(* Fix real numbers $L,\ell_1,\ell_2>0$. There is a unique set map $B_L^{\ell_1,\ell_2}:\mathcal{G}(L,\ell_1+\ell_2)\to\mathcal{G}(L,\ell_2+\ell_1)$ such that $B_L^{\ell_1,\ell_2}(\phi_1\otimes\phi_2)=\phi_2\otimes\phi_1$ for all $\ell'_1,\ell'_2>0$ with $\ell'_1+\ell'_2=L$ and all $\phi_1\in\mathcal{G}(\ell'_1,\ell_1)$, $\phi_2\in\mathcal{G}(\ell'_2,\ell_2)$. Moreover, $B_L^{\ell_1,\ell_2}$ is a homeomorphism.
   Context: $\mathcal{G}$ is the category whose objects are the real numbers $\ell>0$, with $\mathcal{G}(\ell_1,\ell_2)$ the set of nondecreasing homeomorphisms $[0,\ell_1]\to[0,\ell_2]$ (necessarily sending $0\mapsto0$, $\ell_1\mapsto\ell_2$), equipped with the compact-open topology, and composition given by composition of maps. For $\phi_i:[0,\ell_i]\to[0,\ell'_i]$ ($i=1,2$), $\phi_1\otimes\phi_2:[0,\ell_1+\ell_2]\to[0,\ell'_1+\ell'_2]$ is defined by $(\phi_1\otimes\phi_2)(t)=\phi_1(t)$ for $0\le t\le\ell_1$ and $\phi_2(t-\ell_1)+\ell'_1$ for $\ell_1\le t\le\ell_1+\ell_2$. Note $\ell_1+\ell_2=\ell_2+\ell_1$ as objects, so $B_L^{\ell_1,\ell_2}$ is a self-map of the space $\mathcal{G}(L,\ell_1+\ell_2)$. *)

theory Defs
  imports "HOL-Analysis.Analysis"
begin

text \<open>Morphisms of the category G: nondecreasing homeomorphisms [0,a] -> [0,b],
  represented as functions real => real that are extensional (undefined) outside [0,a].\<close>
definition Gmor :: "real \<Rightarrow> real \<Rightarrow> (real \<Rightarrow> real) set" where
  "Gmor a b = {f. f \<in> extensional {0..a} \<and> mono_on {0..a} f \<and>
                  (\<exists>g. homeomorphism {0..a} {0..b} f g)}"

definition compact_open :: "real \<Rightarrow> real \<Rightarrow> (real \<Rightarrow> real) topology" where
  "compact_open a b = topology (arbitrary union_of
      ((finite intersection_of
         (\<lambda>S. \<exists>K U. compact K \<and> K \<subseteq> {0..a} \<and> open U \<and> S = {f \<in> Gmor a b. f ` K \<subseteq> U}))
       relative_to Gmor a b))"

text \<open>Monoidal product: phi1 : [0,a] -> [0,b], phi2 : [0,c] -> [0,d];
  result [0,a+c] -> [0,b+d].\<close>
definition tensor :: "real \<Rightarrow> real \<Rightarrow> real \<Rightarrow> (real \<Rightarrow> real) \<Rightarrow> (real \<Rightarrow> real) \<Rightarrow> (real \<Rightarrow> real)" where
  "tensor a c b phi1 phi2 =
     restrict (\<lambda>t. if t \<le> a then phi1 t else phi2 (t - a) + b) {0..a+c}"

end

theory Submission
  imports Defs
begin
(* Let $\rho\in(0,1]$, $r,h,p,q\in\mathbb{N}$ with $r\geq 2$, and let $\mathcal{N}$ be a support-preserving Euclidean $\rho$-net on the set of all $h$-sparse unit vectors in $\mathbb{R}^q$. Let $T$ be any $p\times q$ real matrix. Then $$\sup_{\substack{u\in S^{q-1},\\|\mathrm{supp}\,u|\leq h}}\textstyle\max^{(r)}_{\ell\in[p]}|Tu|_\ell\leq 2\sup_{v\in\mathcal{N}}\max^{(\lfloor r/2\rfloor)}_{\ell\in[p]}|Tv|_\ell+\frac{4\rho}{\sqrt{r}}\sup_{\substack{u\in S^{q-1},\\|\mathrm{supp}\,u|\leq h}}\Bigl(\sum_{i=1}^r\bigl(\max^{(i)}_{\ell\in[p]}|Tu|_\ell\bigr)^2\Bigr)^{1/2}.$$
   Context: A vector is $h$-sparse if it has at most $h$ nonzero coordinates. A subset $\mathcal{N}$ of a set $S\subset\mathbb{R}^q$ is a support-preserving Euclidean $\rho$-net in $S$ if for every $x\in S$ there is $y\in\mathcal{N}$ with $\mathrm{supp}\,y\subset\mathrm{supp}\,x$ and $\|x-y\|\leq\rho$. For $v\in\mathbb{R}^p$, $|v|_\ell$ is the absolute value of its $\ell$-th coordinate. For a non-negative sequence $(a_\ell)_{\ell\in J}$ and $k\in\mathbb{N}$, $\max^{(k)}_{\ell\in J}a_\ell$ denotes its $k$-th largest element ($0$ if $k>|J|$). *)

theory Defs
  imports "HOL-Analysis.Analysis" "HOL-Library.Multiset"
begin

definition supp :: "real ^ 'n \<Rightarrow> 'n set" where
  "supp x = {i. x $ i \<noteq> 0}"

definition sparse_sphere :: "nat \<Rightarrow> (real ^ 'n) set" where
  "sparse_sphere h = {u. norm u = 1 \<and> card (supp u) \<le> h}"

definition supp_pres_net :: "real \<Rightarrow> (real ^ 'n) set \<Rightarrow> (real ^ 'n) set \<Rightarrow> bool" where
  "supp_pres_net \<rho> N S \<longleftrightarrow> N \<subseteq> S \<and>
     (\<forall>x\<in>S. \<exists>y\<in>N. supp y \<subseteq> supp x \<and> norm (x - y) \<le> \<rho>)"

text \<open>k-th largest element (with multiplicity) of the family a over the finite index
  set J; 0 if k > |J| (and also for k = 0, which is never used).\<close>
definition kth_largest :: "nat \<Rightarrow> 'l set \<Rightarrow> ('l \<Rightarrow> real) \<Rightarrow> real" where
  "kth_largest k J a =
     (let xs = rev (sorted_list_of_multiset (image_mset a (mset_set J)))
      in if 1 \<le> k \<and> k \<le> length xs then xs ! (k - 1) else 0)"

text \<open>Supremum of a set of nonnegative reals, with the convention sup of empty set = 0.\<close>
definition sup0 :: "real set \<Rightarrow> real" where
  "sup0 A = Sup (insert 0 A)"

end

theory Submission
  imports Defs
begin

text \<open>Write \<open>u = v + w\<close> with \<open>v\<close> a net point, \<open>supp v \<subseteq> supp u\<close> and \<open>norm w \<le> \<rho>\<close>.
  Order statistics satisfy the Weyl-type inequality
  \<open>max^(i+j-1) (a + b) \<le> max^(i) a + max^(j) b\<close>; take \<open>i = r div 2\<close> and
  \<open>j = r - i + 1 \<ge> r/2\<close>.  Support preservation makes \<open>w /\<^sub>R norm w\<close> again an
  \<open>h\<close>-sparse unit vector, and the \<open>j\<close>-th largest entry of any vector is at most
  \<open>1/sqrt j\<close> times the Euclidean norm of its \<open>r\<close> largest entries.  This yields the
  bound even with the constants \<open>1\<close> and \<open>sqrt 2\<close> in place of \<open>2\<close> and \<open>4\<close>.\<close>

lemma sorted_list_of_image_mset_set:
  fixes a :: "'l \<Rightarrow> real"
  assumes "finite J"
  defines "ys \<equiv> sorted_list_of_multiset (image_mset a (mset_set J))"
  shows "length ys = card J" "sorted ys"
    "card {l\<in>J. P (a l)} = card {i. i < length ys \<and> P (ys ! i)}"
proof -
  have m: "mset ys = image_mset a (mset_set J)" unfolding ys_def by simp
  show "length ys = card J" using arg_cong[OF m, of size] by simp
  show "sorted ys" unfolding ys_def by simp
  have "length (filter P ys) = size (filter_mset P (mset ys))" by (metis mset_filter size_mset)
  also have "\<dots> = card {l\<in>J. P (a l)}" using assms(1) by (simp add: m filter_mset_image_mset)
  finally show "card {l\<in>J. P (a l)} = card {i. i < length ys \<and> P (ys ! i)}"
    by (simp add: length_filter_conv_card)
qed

**WHAT YOU WILL DO:**
Given the records above, restate word for word only the lines starting at the one with "(let xs = rev" and ending at the one with "vector is at most".

**WRITTEN RESPONSE:**
     (let xs = rev (sorted_list_of_multiset (image_mset a (mset_set J)))
      in if 1 \<le> k \<and> k \<le> length xs then xs ! (k - 1) else 0)"

text \<open>Supremum of a set of nonnegative reals, with the convention sup of empty set = 0.\<close>
definition sup0 :: "real set \<Rightarrow> real" where
  "sup0 A = Sup (insert 0 A)"

end

theory Submission
  imports Defs
begin

text \<open>Write \<open>u = v + w\<close> with \<open>v\<close> a net point, \<open>supp v \<subseteq> supp u\<close> and \<open>norm w \<le> \<rho>\<close>.
  Order statistics satisfy the Weyl-type inequality
  \<open>max^(i+j-1) (a + b) \<le> max^(i) a + max^(j) b\<close>; take \<open>i = r div 2\<close> and
  \<open>j = r - i + 1 \<ge> r/2\<close>.  Support preservation makes \<open>w /\<^sub>R norm w\<close> again an
  \<open>h\<close>-sparse unit vector, and the \<open>j\<close>-th largest entry of any vector is at most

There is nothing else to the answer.